THREE PEAKS PROPERTIES LIMITED - Analysis Report
Credit Opinion: CONDITIONAL APPROVAL
Three Peaks Properties Limited shows signs of operational continuity with increasing fixed assets, indicating active investment in property. However, the company has persistent net liabilities and negative shareholders’ funds (£-25,947 as of 31/12/2024), reflecting accumulated losses. Current liabilities significantly exceed current assets, and long-term creditors have increased notably, which raises concerns about solvency and debt servicing capacity. The directors’ support and going concern statement are positives, but tight liquidity and negative equity warrant caution. Approval should be conditional on ongoing director support and monitoring financial improvements.Financial Strength:
The company’s fixed assets rose sharply from £311,721 in 2023 to £736,660 in 2024, implying recent property acquisitions or capital expenditure.

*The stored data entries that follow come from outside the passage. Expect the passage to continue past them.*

(* Let $P$ be the Petersen graph, i.e. the graph whose vertices are the $2$-element subsets of $\{1,2,3,4,5\}$, two vertices being adjacent if and only if the corresponding subsets are disjoint. Then the resolving topological index of $P$ is $\mathcal{R}(P)=\frac{5}{3}$.
   Context: All graphs are finite, simple and connected, with at least two vertices; $d(u,v)$ denotes the shortest-path distance. $V_p$ denotes the set of all unordered pairs $(u,v)$ of distinct vertices. A vertex $x$ resolves the pair $(u,v)$ if $d(x,u)\neq d(x,v)$. For $(u,v)\in V_p$, $R(u,v)$ is the set of all vertices resolving $(u,v)$ (it always contains $u$ and $v$). The resolving share of a vertex $w$ for $(u,v)$ is $r_w(u,v)=\frac{1}{|R(u,v)|}$ if $w$ resolves $u$ and $v$, and $r_w(u,v)=0$ otherwise. For a vertex $w$, $R(w)$ is the set of pairs in $V_p$ resolved by $w$ (nonempty, as it contains all pairs $(w,x)$). The average resolving share of $w$ is $ar_w(G)=\frac{1}{|R(w)|}\sum_{(u,v)\in R(w)} r_w(u,v)$, and the resolving topological index of $G$ is $\mathcal{R}(G)=\sum_{w\in V(G)} ar_w(G)$. *)

theory Defs
  imports Complex_Main
begin

definition walk :: "'a set \<Rightarrow> ('a \<Rightarrow> 'a \<Rightarrow> bool) \<Rightarrow> 'a list \<Rightarrow> bool" where
  "walk V E xs \<longleftrightarrow> xs \<noteq> [] \<and> set xs \<subseteq> V \<and> (\<forall>i. Suc i < length xs \<longrightarrow> E (xs ! i) (xs ! Suc i))"

definition gdist :: "'a set \<Rightarrow> ('a \<Rightarrow> 'a \<Rightarrow> bool) \<Rightarrow> 'a \<Rightarrow> 'a \<Rightarrow> nat" where
  "gdist V E u v = (LEAST n. \<exists>xs. walk V E xs \<and> hd xs = u \<and> last xs = v \<and> length xs = Suc n)"

definition connected_graph :: "'a set \<Rightarrow> ('a \<Rightarrow> 'a \<Rightarrow> bool) \<Rightarrow> bool" where
  "connected_graph V E \<longleftrightarrow> (\<forall>u\<in>V. \<forall>v\<in>V. \<exists>xs. walk V E xs \<and> hd xs = u \<and> last xs = v)"

definition vpairs :: "'a set \<Rightarrow> 'a set set" where
  "vpairs V = {{u, v} | u v. u \<in> V \<and> v \<in> V \<and> u \<noteq> v}"

definition resolves :: "'a set \<Rightarrow> ('a \<Rightarrow> 'a \<Rightarrow> bool) \<Rightarrow> 'a \<Rightarrow> 'a set \<Rightarrow> bool" where
  "resolves V E x p \<longleftrightarrow> (\<exists>u v. p = {u, v} \<and> u \<noteq> v \<and> gdist V E x u \<noteq> gdist V E x v)"

definition resolving_set_of_pair :: "'a set \<Rightarrow> ('a \<Rightarrow> 'a \<Rightarrow> bool) \<Rightarrow> 'a set \<Rightarrow> 'a set" where
  "resolving_set_of_pair V E p = {x \<in> V. resolves V E x p}"

definition resolving_share :: "'a set \<Rightarrow> ('a \<Rightarrow> 'a \<Rightarrow> bool) \<Rightarrow> 'a \<Rightarrow> 'a set \<Rightarrow> real" where
  "resolving_share V E w p =
     (if resolves V E w p then 1 / real (card (resolving_set_of_pair V E p)) else 0)"

definition pairs_resolved_by :: "'a set \<Rightarrow> ('a \<Rightarrow> 'a \<Rightarrow> bool) \<Rightarrow> 'a \<Rightarrow> 'a set set" where
  "pairs_resolved_by V E w = {p \<in> vpairs V. resolves V E w p}"

definition avg_resolving_share :: "'a set \<Rightarrow> ('a \<Rightarrow> 'a \<Rightarrow> bool) \<Rightarrow> 'a \<Rightarrow> real" where
  "avg_resolving_share V E w =
     (1 / real (card (pairs_resolved_by V E w))) *
     (\<Sum>p\<in>pairs_resolved_by V E w. resolving_share V E w p)"

definition resolving_topological_index :: "'a set \<Rightarrow> ('a \<Rightarrow> 'a \<Rightarrow> bool) \<Rightarrow> real" where
  "resolving_topological_index V E = (\<Sum>w\<in>V. avg_resolving_share V E w)"

definition petersen_V :: "nat set set" where
  "petersen_V = {S. S \<subseteq> {1..5} \<and> card S = 2}"

definition petersen_E :: "nat set \<Rightarrow> nat set \<Rightarrow> bool" where
  "petersen_E S T \<longleftrightarrow> S \<inter> T = {}"

end

theory Submission imports Defs begin

text \<open>The Petersen graph has diameter 2: two distinct non-adjacent vertices (intersecting
  2-subsets) have a common neighbour, so all distances are 0, 1 or 2 and are read off from the
  subsets directly. With these distances one checks that for any two distinct vertices exactly
  four vertices are equidistant from both, so every pair is resolved by exactly 6 of the 10
  vertices. When every pair has the same number k of resolving vertices, every resolving share
  equals 1/k, hence every average resolving share is 1/k and the index is |V|/k = 10/6.\<close>

lemma walk_singleton: "u \<in> V \<Longrightarrow> walk V E [u]"
  by (simp add: walk_def)

lemma walk_edge: "u \<in> V \<Longrightarrow> v \<in> V \<Longrightarrow> E u v \<Longrightarrow> walk V E [u, v]"
  by (simp add: walk_def less_Suc_eq)

lemma walk_path2: "u \<in> V \<Longrightarrow> w \<in> V \<Longrightarrow> v \<in> V \<Longrightarrow> E u w \<Longrightarrow> E w v \<Longrightarrow> walk V E [u, w, v]"
  by (auto simp: walk_def less_Suc_eq nth_Cons split: nat.split)

lemma hd_eq_last_if_length_one: "length xs = Suc 0 \<Longrightarrow> hd xs = last xs"
  by (cases xs) auto

lemma walk_length_two: "walk V E xs \<Longrightarrow> length xs = Suc (Suc 0) \<Longrightarrow> E (hd xs) (last xs)"
  by (cases xs rule: remdups_adj.cases) (auto simp: walk_def)

lemma gdist_self: "u \<in> V \<Longrightarrow> gdist V E u u = 0"
  unfolding gdist_def by (rule Least_equality) (auto intro!: exI[of _ "[u]"] walk_singleton)

lemma gdist_eq_0_iff:
  assumes "connected_graph V E" "u \<in> V" "v \<in> V"
  shows "gdist V E u v = 0 \<longleftrightarrow> u = v"
proof
  obtain xs where "walk V E xs" "hd xs = u" "last xs = v"
    using assms unfolding connected_graph_def by blast
  then have "\<exists>n xs. walk V E xs \<and> hd xs = u \<and> last xs = v \<and> length xs = Suc n"
    by (metis length_greater_0_conv walk_def Suc_pred)
  then have "\<exists>xs. walk V E xs \<and> hd xs = u \<and> last xs = v \<and> length xs = Suc (gdist V E u v)"
    unfolding gdist_def by (rule LeastI_ex)
  moreover assume "gdist V E u v = 0"
  ultimately show "u = v"
    by (metis One_nat_def hd_eq_last_if_length_one)
qed (simp add: assms gdist_self)

lemma gdist_adjacent:
  assumes "u \<in> V" "v \<in> V" "u \<noteq> v" "E u v"
  shows "gdist V E u v = 1"
  unfolding gdist_def
proof (rule Least_equality)
  show "\<exists>xs. walk V E xs \<and> hd xs = u \<and> last xs = v \<and> length xs = Suc 1"
    using assms by (auto intro!: exI[of _ "[u, v]"] walk_edge)
  show "1 \<le> n" if "\<exists>xs. walk V E xs \<and> hd xs = u \<and> last xs = v \<and> length xs = Suc n" for n
    using that assms(3) hd_eq_last_if_length_one by (cases n) auto
qed

lemma gdist_common_neighbour:
  assumes "u \<in> V" "v \<in> V" "w \<in> V" "u \<noteq> v" "\<not> E u v" "E u w" "E w v"
  shows "gdist V E u v = 2"
  unfolding gdist_def
proof (rule Least_equality)
  show "\<exists>xs. walk V E xs \<and> hd xs = u \<and> last xs = v \<and> length xs = Suc 2"
    using assms by (auto intro!: exI[of _ "[u, w, v]"] walk_path2)
  show "2 \<le> n" if "\<exists>xs. walk V E xs \<and> hd xs = u \<and> last xs = v \<and> length xs = Suc n" for n
  proof (rule ccontr)
    assume "\<not> 2 \<le> n"
    then consider "n = 0" | "n = 1" by linarith
    then show False
    proof cases
      case 1
      with that assms(4) show False using hd_eq_last_if_length_one by fastforce
    next
      case 2
      with that assms(5) show False using walk_length_two by fastforce
    qed
  qed
qed

lemma resolves_doubleton:
  "u \<noteq> v \<Longrightarrow> resolves V E x {u, v} \<longleftrightarrow> gdist V E x u \<noteq> gdist V E x v"
  unfolding resolves_def by (auto simp: doubleton_eq_iff)

lemma avg_resolving_share_uniform:
  assumes fin: "finite V" and conn: "connected_graph V E" and two: "2 \<le> card V"
    and uniform: "\<And>p. p \<in> vpairs V \<Longrightarrow> card (resolving_set_of_pair V E p) = k"
    and w: "w \<in> V"
  shows "avg_resolving_share V E w = 1 / real k"
proof -
  let ?R = "pairs_resolved_by V E w"
  have "finite ?R"
    by (rule finite_subset[of _ "Pow V"]) (auto simp: pairs_resolved_by_def vpairs_def fin)
  obtain v where v: "v \<in> V" "v \<noteq> w"
  proof -
    have "\<not> V \<subseteq> {w}"
      using two card_mono[of "{w}" V] by fastforce
    then show ?thesis using that by blast
  qed
  then have "gdist V E w w \<noteq> gdist V E w v"
    using gdist_self gdist_eq_0_iff[OF conn w] w by metis
  then have "{w, v} \<in> ?R"
    using v w resolves_doubleton[of w v] unfolding pairs_resolved_by_def vpairs_def by blast
  with \<open>finite ?R\<close> have "card ?R \<noteq> 0" by auto
  have "(\<Sum>p\<in>?R. resolving_share V E w p) = (\<Sum>p\<in>?R. 1 / real k)"
    by (rule sum.cong) (auto simp: resolving_share_def pairs_resolved_by_def uniform)
  with \<open>card ?R \<noteq> 0\<close> show ?thesis
    unfolding avg_resolving_share_def by simp
qed

lemma resolving_topological_index_uniform:
  assumes "finite V" "connected_graph V E" "2 \<le> card V"
    and "\<And>p. p \<in> vpairs V \<Longrightarrow> card (resolving_set_of_pair V E p) = k"
  shows "resolving_topological_index V E = real (card V) / real k"
  unfolding resolving_topological_index_def
  using avg_resolving_share_uniform[OF assms] by simp

definition petersen_dist :: "nat set \<Rightarrow> nat set \<Rightarrow> nat" where
  "petersen_dist S T = (if S = T then 0 else if S \<inter> T = {} then 1 else 2)"

lemma petersen_V_eq:
  "petersen_V = {{1,2},{1,3},{1,4},{1,5},{2,3},{2,4},{2,5},{3,4},{3,5},{4,5}}"
  (is "_ = ?P")
proof
  have doubletons: "\<forall>x\<in>{1..5::nat}. \<forall>y\<in>{1..5}. x \<noteq> y \<longrightarrow> {x, y} \<in> ?P"
    by code_simp
  show "petersen_V \<subseteq> ?P"
  proof
    fix S assume "S \<in> petersen_V"
    then have S: "S \<subseteq> {1..5}" "card S = 2" by (auto simp: petersen_V_def)
    then obtain x y where xy: "S = {x, y}" "x \<noteq> y" by (auto simp: card_2_iff)
    with S have "x \<in> {1..5}" "y \<in> {1..5}" by auto
    with xy show "S \<in> ?P" using doubletons by simp
  qed
  have two_subsets: "\<forall>S\<in>?P. S \<subseteq> {1..5} \<and> card S = 2"
    by code_simp
  show "?P \<subseteq> petersen_V"
  proof
    fix S assume "S \<in> ?P"
    from bspec[OF two_subsets this] show "S \<in> petersen_V"
      unfolding petersen_V_def by simp
  qed
qed

lemma card_petersen_V: "card petersen_V = 10"
  unfolding petersen_V_eq by code_simp

lemma petersen_common_neighbour:
  "\<forall>u\<in>petersen_V. \<forall>v\<in>petersen_V. u \<noteq> v \<and> u \<inter> v \<noteq> {} \<longrightarrow>
     (\<exists>w\<in>petersen_V. u \<inter> w = {} \<and> w \<inter> v = {})"
  unfolding petersen_V_eq by code_simp

lemma petersen_connected: "connected_graph petersen_V petersen_E"
  unfolding connected_graph_def
proof (intro ballI)
  fix u v assume uv: "u \<in> petersen_V" "v \<in> petersen_V"
  consider "u = v" | "u \<inter> v = {}" | "u \<noteq> v" "u \<inter> v \<noteq> {}" by blast
  then show "\<exists>xs. walk petersen_V petersen_E xs \<and> hd xs = u \<and> last xs = v"
  proof cases
    case 1
    with uv show ?thesis by (intro exI[of _ "[u]"]) (simp add: walk_singleton)
  next
    case 2
    with uv show ?thesis by (intro exI[of _ "[u, v]"]) (simp add: walk_edge petersen_E_def)
  next
    case 3
    then obtain w where "w \<in> petersen_V" "u \<inter> w = {}" "w \<inter> v = {}"
      using petersen_common_neighbour uv by blast
    with uv show ?thesis by (intro exI[of _ "[u, w, v]"]) (simp add: walk_path2 petersen_E_def)
  qed
qed

lemma petersen_gdist:
  assumes uv: "u \<in> petersen_V" "v \<in> petersen_V"
  shows "gdist petersen_V petersen_E u v = petersen_dist u v"
proof -
  consider "u = v" | "u \<noteq> v" "u \<inter> v = {}" | "u \<noteq> v" "u \<inter> v \<noteq> {}" by blast
  then show ?thesis
  proof cases
    case 1
    with uv show ?thesis by (simp add: gdist_self petersen_dist_def)
  next
    case 2
    with uv have "gdist petersen_V petersen_E u v = 1"
      by (intro gdist_adjacent) (simp_all add: petersen_E_def)
    with 2 show ?thesis by (simp add: petersen_dist_def)
  next
    case 3
    then obtain w where "w \<in> petersen_V" "u \<inter> w = {}" "w \<inter> v = {}"
      using petersen_common_neighbour uv by blast
    with 3 uv have "gdist petersen_V petersen_E u v = 2"
      by (intro gdist_common_neighbour[of _ _ _ w]) (simp_all add: petersen_E_def)
    with 3 show ?thesis by (simp add: petersen_dist_def)
  qed
qed

lemma petersen_resolving_count:
  "\<forall>u\<in>petersen_V. \<forall>v\<in>petersen_V. u \<noteq> v \<longrightarrow>
     card {x \<in> petersen_V. petersen_dist x u \<noteq> petersen_dist x v} = 6"
  unfolding petersen_V_eq petersen_dist_def by code_simp

lemma card_petersen_resolving_set_of_pair:
  assumes "p \<in> vpairs petersen_V"
  shows "card (resolving_set_of_pair petersen_V petersen_E p) = 6"
proof -
  obtain u v where p: "p = {u, v}" "u \<in> petersen_V" "v \<in> petersen_V" "u \<noteq> v"
    using assms unfolding vpairs_def by blast
  then have "resolving_set_of_pair petersen_V petersen_E p =
      {x \<in> petersen_V. petersen_dist x u \<noteq> petersen_dist x v}"
    unfolding resolving_set_of_pair_def by (auto simp: resolves_doubleton petersen_gdist)
  with p petersen_resolving_count show ?thesis by simp
qed

theorem theorem3p6:
  shows "resolving_topological_index petersen_V petersen_E = 5 / 3"
proof -
  have "finite petersen_V" unfolding petersen_V_eq by simp
  then have "resolving_topological_index petersen_V petersen_E = real 10 / real 6"
    using resolving_topological_index_uniform[OF _ petersen_connected]
      card_petersen_V card_petersen_resolving_set_of_pair by simp
  then show ?thesis by simp
qed

end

However, net liabilities remain negative and have slightly worsened, with shareholders’ funds decreasing from £-25,299 to £-25,947. The long-term liabilities more than doubled, from £338,357 to £770,394, signaling increased borrowing or creditor reliance. The balance sheet is leveraged and undercapitalized, with equity deficits posing a risk to creditors.Cash Flow Assessment:
Current assets remain minimal (£7,787 in 2024), with current liabilities at £770,394, suggesting limited liquidity and working capital deficits if short-term obligations fall due. Although net current assets are positive, this figure is due to a small increase in current assets rather than a reduction in current liabilities. The company’s ability to meet near-term payments from operational cash flow appears constrained, relying heavily on director support and refinancing.Monitoring Points:
- Track changes in net liabilities and shareholders’ funds for improvement or further deterioration.
- Monitor cash flow statements for operational cash generation and liquidity improvements.
- Review the composition and terms of long-term creditors to assess refinancing risk.
- Watch for timely repayment of current liabilities and adherence to filing deadlines.
- Maintain oversight of directors’ ongoing financial support and any changes in management.